§ **Extracted entries**
(* Assume $d'=1$ and $t\ge2$, and let $n,j\in[t]$ with $n\neq j$. For each $k_3\in[d]$ define the slice $M^{(k_3)}_{n,j}=\big(\tilde T_{(k_1,n),(k_2,n),(k_3,j)}\big)_{k_1,k_2\in[d]}$ where $\tilde T_{(k_1,n),(k_2,n),(k_3,j)}=y_{n,j}(\{k_1,k_2\},k_3)$. Then: (1) on the image of $\mu$, for fixed $j$ and $k_3$, $M^{(k_3)}_{n,j}=M^{(k_3)}_{n',j}$ for all $n,n'\ne j$; (2) on the image of $\mu$, every matrix $M(\lambda)=\sum_{k=1}^d\lambda_kM^{(k)}_{n,j}$, $\lambda\in\mathbb R^d$, has rank at most $2$; (3) for any row set $R=\{r_1,r_2,r_3\}\subseteq[d]$, column set $C=\{c_1,c_2,c_3\}\subseteq[d]$ and multiset $S\in\operatorname{Mult}_3([d])$, the cubic polynomial \[ \Delta^S_{R,C}=\sum_{(t_1,t_2,t_3)\in\operatorname{Perm}(S)}\det\big(\tilde T_{(r_p,n),(c_q,n),(t_p,j)}\big)_{p,q=1}^3 \] vanishes on the attention variety. (These are the coefficients of $\lambda_{s_1}\lambda_{s_2}\lambda_{s_3}$ in the $(R,C)$ $3\times3$ minor of $M(\lambda)$, indexed by $\binom d3^2\binom{d+2}3$ triples $(R,C,S)$.)
   Context: Setup: $Q,K\in\mathbb R^{a\times d}$, $V\in\mathbb R^{1\times d}$, $A=K^\top Q$, $\varphi_W(X)=VX(X^\top AX)$ for $X=(x_{kn})\in\mathbb R^{d\times t}$. For $\mathcal A$ a size-2 multiset on $[d]$, $b\in[d]$, $n\ne j$: $c_{n,j}(\mathcal A,b)$ is the coefficient of $(\prod_{u\in\mathcal A}x_{un})x_{bj}$ in $\varphi_W(X)[1,j]$, and $y_{n,j}(\mathcal A,b)=c_{n,j}(\mathcal A,b)/|\operatorname{Perm}(\mathcal A)|$ with $\operatorname{Perm}$ the set of distinct orderings of a multiset. $\mu$ maps $W=(Q,K,V)$ to the array of all scaled coefficients (ambient coordinates carry the same names); the attention variety is the Zariski closure of $\operatorname{im}\mu$. $\operatorname{Mult}_3([d])$ is the set of size-3 multisets on $[d]$. *)

theory Defs
  imports "Jordan_Normal_Form.DL_Rank" "HOL-Library.Poly_Mapping"
    "HOL-Combinatorics.Multiset_Permutations"
begin
(* For every smooth closed plane curve parametrized by arc length with rotation number $n\ge1$, $4\pi^2 n\,|I_{-1}|\le I_0$.
   Context: A closed plane curve is a smooth map $\vec f:\mathbb{R}/L\mathbb{Z}\to\mathbb{R}^2$ parametrized by arc length $s$, where $L>0$ is its length. $\vec\nu$ is $\partial_s\vec f$ rotated counterclockwise by $\pi/2$, $\kappa=\partial_s^2\vec f\cdot\vec\nu$, $n=\frac1{2\pi}\int_0^L\kappa\,ds$, $A=-\frac12\int_0^L\vec f\cdot\vec\nu\,ds$, $\tilde\kappa=\kappa-\frac1L\int_0^L\kappa\,ds$, $I_0=L\int_0^L\tilde\kappa^2\,ds$, and $I_{-1}=1-\frac{4n\pi A}{L^2}$. *)

theory Defs
  imports "HOL-Analysis.Analysis"
begin

text \<open>A plane curve is given by its two coordinate functions x, y :: real => real,
  defined on all of R and L-periodic (i.e. a map R/LZ -> R^2).\<close>

definition smooth_fun :: "(real \<Rightarrow> real) \<Rightarrow> bool" where
  "smooth_fun g \<longleftrightarrow> (\<forall>k. (deriv ^^ k) g differentiable_on UNIV)"

definition closed_arclength_curve :: "(real \<Rightarrow> real) \<Rightarrow> (real \<Rightarrow> real) \<Rightarrow> real \<Rightarrow> bool" where
  "closed_arclength_curve x y L \<longleftrightarrow>
     L > 0 \<and> smooth_fun x \<and> smooth_fun y \<and>
     (\<forall>s. x (s + L) = x s \<and> y (s + L) = y s) \<and>
     (\<forall>s. (deriv x s)\<^sup>2 + (deriv y s)\<^sup>2 = 1)"

text \<open>Normal nu = tangent rotated by pi/2 counterclockwise: nu = (-y', x').
  Curvature kappa = f'' . nu.\<close>
definition curvature :: "(real \<Rightarrow> real) \<Rightarrow> (real \<Rightarrow> real) \<Rightarrow> real \<Rightarrow> real" where
  "curvature x y s = deriv (deriv x) s * (- deriv y s) + deriv (deriv y) s * deriv x s"

definition rotation_number :: "(real \<Rightarrow> real) \<Rightarrow> (real \<Rightarrow> real) \<Rightarrow> real \<Rightarrow> real" where
  "rotation_number x y L = (1 / (2 * pi)) * integral {0..L} (curvature x y)"

definition enclosed_area :: "(real \<Rightarrow> real) \<Rightarrow> (real \<Rightarrow> real) \<Rightarrow> real \<Rightarrow> real" where
  "enclosed_area x y L = - (1/2) * integral {0..L} (\<lambda>s. x s * (- deriv y s) + y s * deriv x s)"

definition osc_curvature :: "(real \<Rightarrow> real) \<Rightarrow> (real \<Rightarrow> real) \<Rightarrow> real \<Rightarrow> real \<Rightarrow> real" where
  "osc_curvature x y L s = curvature x y s - (1 / L) * integral {0..L} (curvature x y)"

definition I0 :: "(real \<Rightarrow> real) \<Rightarrow> (real \<Rightarrow> real) \<Rightarrow> real \<Rightarrow> real" where
  "I0 x y L = L * integral {0..L} (\<lambda>s. (osc_curvature x y L s)\<^sup>2)"

definition Im1 :: "(real \<Rightarrow> real) \<Rightarrow> (real \<Rightarrow> real) \<Rightarrow> real \<Rightarrow> real" where
  "Im1 x y L = 1 - 4 * rotation_number x y L * pi * enclosed_area x y L / L\<^sup>2"

end

theory Submission
  imports Defs
begin
lemma integrable_partial_sum_power:
  assumes "indep_vars (\<lambda>_. borel) Ys {1..}"
    and "\<And>j k. j \<ge> 1 \<Longrightarrow> integrable M (\<lambda>\<omega>. Ys j \<omega> ^ k)"
  shows "integrable M (\<lambda>\<omega>. partial_sum Ys i \<omega> ^ n)"
proof (induction i arbitrary: n)
  case (Suc i)
  thus ?case
    unfolding partial_sum_Suc using assms
    by (intro integrable_power_add_indep indep_var_partial_sum_Suc) auto
qed (simp add: power_0_left)

lemma moment_fps_partial_sum:
  assumes "indep_vars (\<lambda>_. borel) Ys {1..}"
    and "\<And>j k. j \<ge> 1 \<Longrightarrow> integrable M (\<lambda>\<omega>. Ys j \<omega> ^ k)"
    and "\<And>j. j \<ge> 1 \<Longrightarrow> moment_fps M (Ys j) = F"
  shows "moment_fps M (partial_sum Ys i) = F ^ i"
proof (induction i)
  case (Suc i)
  have "moment_fps M (partial_sum Ys (Suc i)) = moment_fps M (partial_sum Ys i) * moment_fps M (Ys (Suc i))"
    unfolding partial_sum_Suc using assms
    by (intro moment_fps_add_indep indep_var_partial_sum_Suc integrable_partial_sum_power) auto
  thus ?case using Suc.IH assms(3) by (simp add: mult.commute)
qed (simp add: moment_fps_zero)

end

theorem theorem2p1:
  fixes M :: "'a measure" and Y :: "'a \<Rightarrow> real" and Ys :: "nat \<Rightarrow> 'a \<Rightarrow> real"
    and r0 :: real and x y :: real and n :: nat
  assumes "prob_space M"
    and "Y \<in> borel_measurable M"
    and "r0 > 0"
    and "\<And>t. \<bar>t\<bar> < r0 \<Longrightarrow> integrable M (\<lambda>\<omega>. exp (t * Y \<omega>))"
    and "prob_space.indep_vars M (\<lambda>_. borel) Ys {1..}"
    and "\<And>j. j \<ge> 1 \<Longrightarrow> Ys j \<in> borel_measurable M"
    and "\<And>j. j \<ge> 1 \<Longrightarrow> distr M borel (Ys j) = distr M borel Y"
  shows "prob_bell M Y n x y = (\<Sum>k=0..n. prob_stirling M Ys n k * falling_fact x k * y ^ k)"
proof -
  interpret prob_space M by fact
  have moments_Ys: "integrable M (\<lambda>\<omega>. Ys j \<omega> ^ k)" if "j \<ge> 1" for j k
    using integrable_power_if_mgf[OF assms(2-4)] assms(2,6,7) that
      integrable_comp_eq_if_distr_eq[of "Ys j" M Y "\<lambda>z. z ^ k"] by auto
  have "moment_fps M (partial_sum Ys i) = moment_fps M Y ^ i" for i
    using assms(2,5-7) moments_Ys
    by (intro moment_fps_partial_sum moment_fps_eq_if_distr_eq) auto
  hence moment_power: "fps_nth (moment_fps M Y ^ i) n = (\<integral>\<omega>. partial_sum Ys i \<omega> ^ n \<partial>M) / fact n" for i
    by (metis fps_nth_Abs_fps moment_fps_def)
  have "prob_bell M Y n x y = fact n * fps_nth (fps_binomial x oo (fps_const y * (moment_fps M Y - 1))) n"
    using mgf_fps_eq_moment_fps[OF assms(2-4)] by (simp add: prob_bell_def bell_gf_def)
  also have "\<dots> = (\<Sum>k=0..n. prob_stirling M Ys n k * falling_fact x k * y ^ k)"
    by (simp add: fps_nth_binomial_compose moment_power prob_stirling_def flip: falling_fact_div_fact)
      (simp add: sum_distrib_left sum_divide_distrib atLeast0AtMost field_simps)
  finally show ?thesis .
qed

end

§ **The task**
Extract the lines of the preceding material that run from the line with "interpret prob_space M by fact" through the line with "n = (\<integral>\<omega>.", inclusive, reproducing them exactly and adding nothing.

§ **Written answer**
  interpret prob_space M by fact
  have moments_Ys: "integrable M (\<lambda>\<omega>. Ys j \<omega> ^ k)" if "j \<ge> 1" for j k
    using integrable_power_if_mgf[OF assms(2-4)] assms(2,6,7) that
      integrable_comp_eq_if_distr_eq[of "Ys j" M Y "\<lambda>z. z ^ k"] by auto
  have "moment_fps M (partial_sum Ys i) = moment_fps M Y ^ i" for i
    using assms(2,5-7) moments_Ys
    by (intro moment_fps_partial_sum moment_fps_eq_if_distr_eq) auto
  hence moment_power: "fps_nth (moment_fps M Y ^ i) n = (\<integral>\<omega>. partial_sum Ys i \<omega> ^ n \<partial>M) / fact n" for i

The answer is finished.